#### Provided entries

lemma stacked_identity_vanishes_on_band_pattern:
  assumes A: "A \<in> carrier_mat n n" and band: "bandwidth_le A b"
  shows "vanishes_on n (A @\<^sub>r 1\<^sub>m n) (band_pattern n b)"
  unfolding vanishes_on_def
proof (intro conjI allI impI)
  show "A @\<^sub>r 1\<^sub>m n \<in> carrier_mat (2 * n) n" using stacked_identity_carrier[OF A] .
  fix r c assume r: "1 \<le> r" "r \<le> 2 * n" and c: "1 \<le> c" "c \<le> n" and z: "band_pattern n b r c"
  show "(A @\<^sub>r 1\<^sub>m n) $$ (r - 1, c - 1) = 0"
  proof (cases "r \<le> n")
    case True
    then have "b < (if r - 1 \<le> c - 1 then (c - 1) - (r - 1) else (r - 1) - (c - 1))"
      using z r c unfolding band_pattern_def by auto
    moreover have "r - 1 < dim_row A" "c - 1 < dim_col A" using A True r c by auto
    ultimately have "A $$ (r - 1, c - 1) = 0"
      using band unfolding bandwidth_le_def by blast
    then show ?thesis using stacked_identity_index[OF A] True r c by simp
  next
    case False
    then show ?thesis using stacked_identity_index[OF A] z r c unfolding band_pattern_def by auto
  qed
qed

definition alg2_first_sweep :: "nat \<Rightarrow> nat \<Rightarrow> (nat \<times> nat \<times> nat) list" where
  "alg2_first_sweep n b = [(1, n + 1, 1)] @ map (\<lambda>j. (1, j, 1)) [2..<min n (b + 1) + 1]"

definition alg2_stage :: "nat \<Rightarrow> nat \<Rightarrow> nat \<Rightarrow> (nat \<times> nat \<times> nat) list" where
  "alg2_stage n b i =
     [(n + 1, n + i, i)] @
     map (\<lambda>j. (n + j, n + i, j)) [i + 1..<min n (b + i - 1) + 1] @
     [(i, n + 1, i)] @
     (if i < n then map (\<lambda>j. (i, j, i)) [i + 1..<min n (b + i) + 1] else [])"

########
#### Provided entries

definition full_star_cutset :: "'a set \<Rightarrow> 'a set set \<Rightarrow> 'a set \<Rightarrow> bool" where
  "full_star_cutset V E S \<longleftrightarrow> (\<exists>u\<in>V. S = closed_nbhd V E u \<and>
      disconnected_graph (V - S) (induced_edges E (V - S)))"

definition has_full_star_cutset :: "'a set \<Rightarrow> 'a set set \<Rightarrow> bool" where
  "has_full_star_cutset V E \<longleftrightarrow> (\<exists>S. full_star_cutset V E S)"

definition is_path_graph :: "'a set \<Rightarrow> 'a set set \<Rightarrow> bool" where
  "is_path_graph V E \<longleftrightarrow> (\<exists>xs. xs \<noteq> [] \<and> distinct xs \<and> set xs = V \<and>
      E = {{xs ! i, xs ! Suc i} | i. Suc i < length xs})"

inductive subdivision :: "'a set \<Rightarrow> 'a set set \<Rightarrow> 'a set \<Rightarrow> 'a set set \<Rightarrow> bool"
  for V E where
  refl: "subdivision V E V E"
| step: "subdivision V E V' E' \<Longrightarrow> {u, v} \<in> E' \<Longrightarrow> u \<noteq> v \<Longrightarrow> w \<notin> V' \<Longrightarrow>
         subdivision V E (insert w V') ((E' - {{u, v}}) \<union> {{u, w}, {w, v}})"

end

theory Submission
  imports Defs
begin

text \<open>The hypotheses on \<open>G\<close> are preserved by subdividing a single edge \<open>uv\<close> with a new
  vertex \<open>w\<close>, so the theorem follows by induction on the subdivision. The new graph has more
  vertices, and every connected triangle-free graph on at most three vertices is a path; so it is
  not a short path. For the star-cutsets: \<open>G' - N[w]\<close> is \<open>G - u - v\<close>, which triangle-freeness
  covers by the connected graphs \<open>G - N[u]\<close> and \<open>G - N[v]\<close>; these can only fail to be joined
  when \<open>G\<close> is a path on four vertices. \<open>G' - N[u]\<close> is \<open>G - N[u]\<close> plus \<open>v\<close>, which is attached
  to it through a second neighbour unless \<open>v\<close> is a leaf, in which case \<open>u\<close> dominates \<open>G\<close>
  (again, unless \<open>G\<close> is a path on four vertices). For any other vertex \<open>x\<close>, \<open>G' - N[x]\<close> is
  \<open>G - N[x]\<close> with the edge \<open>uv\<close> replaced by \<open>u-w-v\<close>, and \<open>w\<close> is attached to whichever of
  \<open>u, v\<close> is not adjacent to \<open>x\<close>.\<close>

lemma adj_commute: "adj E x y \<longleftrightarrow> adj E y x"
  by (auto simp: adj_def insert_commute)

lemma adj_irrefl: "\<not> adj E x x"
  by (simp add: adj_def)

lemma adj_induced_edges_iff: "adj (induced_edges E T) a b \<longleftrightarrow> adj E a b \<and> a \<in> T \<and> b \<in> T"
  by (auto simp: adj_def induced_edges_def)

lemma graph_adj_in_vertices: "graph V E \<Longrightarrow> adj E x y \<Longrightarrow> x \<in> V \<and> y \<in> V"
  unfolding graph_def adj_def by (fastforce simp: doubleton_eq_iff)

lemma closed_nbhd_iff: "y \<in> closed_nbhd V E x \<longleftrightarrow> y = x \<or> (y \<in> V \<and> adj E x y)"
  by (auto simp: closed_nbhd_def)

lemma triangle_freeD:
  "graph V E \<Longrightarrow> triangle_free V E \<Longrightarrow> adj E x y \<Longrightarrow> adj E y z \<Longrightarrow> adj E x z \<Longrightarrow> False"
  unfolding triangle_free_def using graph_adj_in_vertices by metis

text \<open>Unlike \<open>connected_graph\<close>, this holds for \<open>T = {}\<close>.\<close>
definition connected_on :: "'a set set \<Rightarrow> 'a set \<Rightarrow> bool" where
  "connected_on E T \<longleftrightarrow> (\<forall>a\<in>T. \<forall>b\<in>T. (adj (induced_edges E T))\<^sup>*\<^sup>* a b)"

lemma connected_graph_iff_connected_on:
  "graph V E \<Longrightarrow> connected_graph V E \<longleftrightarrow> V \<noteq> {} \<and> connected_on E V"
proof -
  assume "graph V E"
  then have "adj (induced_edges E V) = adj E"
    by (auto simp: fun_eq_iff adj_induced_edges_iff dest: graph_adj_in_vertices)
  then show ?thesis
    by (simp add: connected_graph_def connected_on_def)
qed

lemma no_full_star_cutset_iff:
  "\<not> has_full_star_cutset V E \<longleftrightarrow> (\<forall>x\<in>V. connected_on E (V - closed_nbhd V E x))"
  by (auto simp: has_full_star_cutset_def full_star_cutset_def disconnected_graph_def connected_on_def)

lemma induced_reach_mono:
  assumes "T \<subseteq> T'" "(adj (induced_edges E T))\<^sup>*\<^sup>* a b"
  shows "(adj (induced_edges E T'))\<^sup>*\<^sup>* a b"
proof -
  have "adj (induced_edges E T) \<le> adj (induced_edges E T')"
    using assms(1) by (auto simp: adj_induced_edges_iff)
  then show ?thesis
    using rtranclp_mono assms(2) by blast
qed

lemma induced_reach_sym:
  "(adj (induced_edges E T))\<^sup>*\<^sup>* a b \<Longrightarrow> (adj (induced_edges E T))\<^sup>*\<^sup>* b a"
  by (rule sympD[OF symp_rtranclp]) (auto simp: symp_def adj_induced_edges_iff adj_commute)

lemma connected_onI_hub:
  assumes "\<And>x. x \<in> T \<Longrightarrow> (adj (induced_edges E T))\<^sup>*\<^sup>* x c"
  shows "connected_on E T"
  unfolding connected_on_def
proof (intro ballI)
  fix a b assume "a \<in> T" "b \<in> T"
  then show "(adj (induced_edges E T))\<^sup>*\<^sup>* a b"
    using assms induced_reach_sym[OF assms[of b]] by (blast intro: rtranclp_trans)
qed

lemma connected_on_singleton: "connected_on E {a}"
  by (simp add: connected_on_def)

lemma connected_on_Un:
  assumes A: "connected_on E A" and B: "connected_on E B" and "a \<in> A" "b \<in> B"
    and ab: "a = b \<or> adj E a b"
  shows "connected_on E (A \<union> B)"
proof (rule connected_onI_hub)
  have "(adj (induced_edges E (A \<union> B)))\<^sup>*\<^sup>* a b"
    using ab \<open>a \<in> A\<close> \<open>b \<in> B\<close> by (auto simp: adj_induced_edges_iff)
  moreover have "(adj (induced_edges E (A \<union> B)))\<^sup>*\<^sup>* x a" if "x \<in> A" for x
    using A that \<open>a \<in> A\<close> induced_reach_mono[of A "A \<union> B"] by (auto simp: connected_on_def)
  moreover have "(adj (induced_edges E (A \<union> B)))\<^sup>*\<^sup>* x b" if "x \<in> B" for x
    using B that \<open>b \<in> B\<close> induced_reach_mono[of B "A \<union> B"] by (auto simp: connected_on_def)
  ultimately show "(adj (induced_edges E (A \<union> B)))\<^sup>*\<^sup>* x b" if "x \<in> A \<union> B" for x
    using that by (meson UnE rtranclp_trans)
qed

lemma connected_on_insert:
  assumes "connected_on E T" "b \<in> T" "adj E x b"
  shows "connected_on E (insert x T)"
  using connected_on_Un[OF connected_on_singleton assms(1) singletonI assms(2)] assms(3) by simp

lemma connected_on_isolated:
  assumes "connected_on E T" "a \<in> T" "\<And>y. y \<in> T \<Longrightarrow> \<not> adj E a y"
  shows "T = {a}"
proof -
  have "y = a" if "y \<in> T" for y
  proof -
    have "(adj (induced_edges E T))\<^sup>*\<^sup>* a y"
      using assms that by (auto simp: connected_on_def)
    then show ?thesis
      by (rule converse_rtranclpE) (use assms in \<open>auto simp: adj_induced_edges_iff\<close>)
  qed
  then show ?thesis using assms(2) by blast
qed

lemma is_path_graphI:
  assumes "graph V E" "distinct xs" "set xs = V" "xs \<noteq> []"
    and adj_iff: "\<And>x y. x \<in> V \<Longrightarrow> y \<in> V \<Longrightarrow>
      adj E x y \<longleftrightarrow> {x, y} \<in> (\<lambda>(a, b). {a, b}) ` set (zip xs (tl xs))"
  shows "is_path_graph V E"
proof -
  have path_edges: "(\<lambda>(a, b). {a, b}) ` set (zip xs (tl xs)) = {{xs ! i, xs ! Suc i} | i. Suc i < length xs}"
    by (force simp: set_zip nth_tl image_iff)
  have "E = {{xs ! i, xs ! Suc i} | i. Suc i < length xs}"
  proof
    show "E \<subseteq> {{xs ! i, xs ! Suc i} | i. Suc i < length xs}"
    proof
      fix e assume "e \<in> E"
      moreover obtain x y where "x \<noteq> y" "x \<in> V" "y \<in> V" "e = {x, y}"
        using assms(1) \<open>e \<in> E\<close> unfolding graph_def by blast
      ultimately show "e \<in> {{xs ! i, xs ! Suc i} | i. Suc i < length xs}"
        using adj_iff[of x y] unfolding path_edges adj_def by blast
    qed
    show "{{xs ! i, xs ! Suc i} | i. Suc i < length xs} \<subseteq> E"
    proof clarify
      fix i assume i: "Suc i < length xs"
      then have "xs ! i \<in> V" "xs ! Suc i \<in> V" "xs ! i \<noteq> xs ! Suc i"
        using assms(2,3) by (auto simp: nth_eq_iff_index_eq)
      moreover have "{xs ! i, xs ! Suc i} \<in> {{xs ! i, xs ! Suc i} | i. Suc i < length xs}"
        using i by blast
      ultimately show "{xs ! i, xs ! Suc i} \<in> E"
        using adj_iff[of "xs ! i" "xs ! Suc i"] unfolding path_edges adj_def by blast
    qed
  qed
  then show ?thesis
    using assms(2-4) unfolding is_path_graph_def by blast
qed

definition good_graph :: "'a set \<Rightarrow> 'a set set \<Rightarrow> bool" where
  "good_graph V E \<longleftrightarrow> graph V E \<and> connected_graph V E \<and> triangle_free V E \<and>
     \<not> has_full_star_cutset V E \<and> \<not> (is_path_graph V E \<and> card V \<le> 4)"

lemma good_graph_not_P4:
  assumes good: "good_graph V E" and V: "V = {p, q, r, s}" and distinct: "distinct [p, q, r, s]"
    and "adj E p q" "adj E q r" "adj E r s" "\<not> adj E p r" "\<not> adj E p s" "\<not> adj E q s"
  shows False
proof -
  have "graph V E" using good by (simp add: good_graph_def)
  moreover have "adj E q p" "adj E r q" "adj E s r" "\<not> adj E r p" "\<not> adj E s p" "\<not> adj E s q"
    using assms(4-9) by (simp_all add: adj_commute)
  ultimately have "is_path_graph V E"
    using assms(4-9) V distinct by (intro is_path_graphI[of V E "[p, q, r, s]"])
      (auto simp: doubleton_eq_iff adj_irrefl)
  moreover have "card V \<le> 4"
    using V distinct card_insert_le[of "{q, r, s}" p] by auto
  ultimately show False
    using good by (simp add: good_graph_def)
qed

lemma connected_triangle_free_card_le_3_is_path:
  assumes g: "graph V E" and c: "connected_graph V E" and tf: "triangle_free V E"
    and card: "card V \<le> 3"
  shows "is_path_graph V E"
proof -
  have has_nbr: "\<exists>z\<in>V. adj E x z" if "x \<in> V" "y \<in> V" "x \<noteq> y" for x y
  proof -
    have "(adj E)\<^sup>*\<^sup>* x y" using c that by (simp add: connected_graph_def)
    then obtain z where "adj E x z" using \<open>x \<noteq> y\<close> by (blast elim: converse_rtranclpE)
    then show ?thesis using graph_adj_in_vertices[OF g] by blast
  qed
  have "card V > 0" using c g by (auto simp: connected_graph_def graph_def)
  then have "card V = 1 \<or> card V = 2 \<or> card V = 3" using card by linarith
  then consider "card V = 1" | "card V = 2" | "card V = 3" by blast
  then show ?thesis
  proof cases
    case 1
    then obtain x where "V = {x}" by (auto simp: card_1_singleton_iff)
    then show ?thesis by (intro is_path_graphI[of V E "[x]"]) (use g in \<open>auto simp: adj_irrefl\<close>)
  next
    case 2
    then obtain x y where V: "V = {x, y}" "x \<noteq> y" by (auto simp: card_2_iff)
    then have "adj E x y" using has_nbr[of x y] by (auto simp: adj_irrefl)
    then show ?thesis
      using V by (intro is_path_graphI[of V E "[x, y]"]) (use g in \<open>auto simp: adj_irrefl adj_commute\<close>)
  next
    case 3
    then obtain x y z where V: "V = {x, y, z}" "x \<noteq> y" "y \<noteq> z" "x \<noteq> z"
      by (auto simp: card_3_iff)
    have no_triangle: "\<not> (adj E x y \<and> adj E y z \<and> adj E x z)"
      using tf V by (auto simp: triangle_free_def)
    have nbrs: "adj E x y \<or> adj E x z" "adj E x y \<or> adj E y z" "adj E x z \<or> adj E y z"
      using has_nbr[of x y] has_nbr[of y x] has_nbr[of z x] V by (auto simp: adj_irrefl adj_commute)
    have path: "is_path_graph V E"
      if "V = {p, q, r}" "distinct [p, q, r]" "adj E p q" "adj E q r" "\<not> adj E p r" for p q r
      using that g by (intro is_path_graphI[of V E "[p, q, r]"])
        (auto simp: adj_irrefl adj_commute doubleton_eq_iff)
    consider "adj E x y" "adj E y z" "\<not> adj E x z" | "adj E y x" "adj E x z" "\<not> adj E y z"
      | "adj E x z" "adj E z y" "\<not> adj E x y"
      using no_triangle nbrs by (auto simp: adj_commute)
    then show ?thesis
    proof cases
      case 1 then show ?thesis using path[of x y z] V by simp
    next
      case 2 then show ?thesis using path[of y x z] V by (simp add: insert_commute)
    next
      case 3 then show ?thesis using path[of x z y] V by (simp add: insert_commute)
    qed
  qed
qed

########
#### Provided entries

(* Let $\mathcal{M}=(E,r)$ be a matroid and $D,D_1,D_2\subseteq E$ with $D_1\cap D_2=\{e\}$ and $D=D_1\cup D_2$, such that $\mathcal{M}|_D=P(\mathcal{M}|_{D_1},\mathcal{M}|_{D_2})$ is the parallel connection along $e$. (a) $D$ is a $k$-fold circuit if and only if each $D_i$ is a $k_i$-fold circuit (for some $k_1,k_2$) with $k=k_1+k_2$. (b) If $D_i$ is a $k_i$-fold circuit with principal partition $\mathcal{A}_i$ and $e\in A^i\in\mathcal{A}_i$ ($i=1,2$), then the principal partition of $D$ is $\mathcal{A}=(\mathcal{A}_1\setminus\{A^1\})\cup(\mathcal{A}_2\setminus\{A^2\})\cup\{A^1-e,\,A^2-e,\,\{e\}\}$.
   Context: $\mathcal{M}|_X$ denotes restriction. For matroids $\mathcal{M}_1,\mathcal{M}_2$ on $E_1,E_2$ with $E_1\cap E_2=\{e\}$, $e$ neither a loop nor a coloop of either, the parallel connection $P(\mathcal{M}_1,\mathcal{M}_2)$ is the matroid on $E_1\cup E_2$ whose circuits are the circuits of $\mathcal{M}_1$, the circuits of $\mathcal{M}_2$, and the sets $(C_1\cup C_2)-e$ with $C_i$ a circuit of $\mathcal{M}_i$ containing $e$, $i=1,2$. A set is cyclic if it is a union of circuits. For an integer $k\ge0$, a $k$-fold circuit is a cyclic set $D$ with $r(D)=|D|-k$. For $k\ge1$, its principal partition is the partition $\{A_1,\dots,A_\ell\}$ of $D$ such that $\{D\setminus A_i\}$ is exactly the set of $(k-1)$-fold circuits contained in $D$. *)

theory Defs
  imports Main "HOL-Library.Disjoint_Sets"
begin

########

# Task:
From the material above, set down exactly the lines between the line holding "using rtranclp_mono assms(2) by blast" and the line holding "unfolding connected_on_def", inclusive. Include nothing else.

# Your solution:
    using rtranclp_mono assms(2) by blast
qed

lemma induced_reach_sym:
  "(adj (induced_edges E T))\<^sup>*\<^sup>* a b \<Longrightarrow> (adj (induced_edges E T))\<^sup>*\<^sup>* b a"
  by (rule sympD[OF symp_rtranclp]) (auto simp: symp_def adj_induced_edges_iff adj_commute)

lemma connected_onI_hub:
  assumes "\<And>x. x \<in> T \<Longrightarrow> (adj (induced_edges E T))\<^sup>*\<^sup>* x c"
  shows "connected_on E T"
  unfolding connected_on_def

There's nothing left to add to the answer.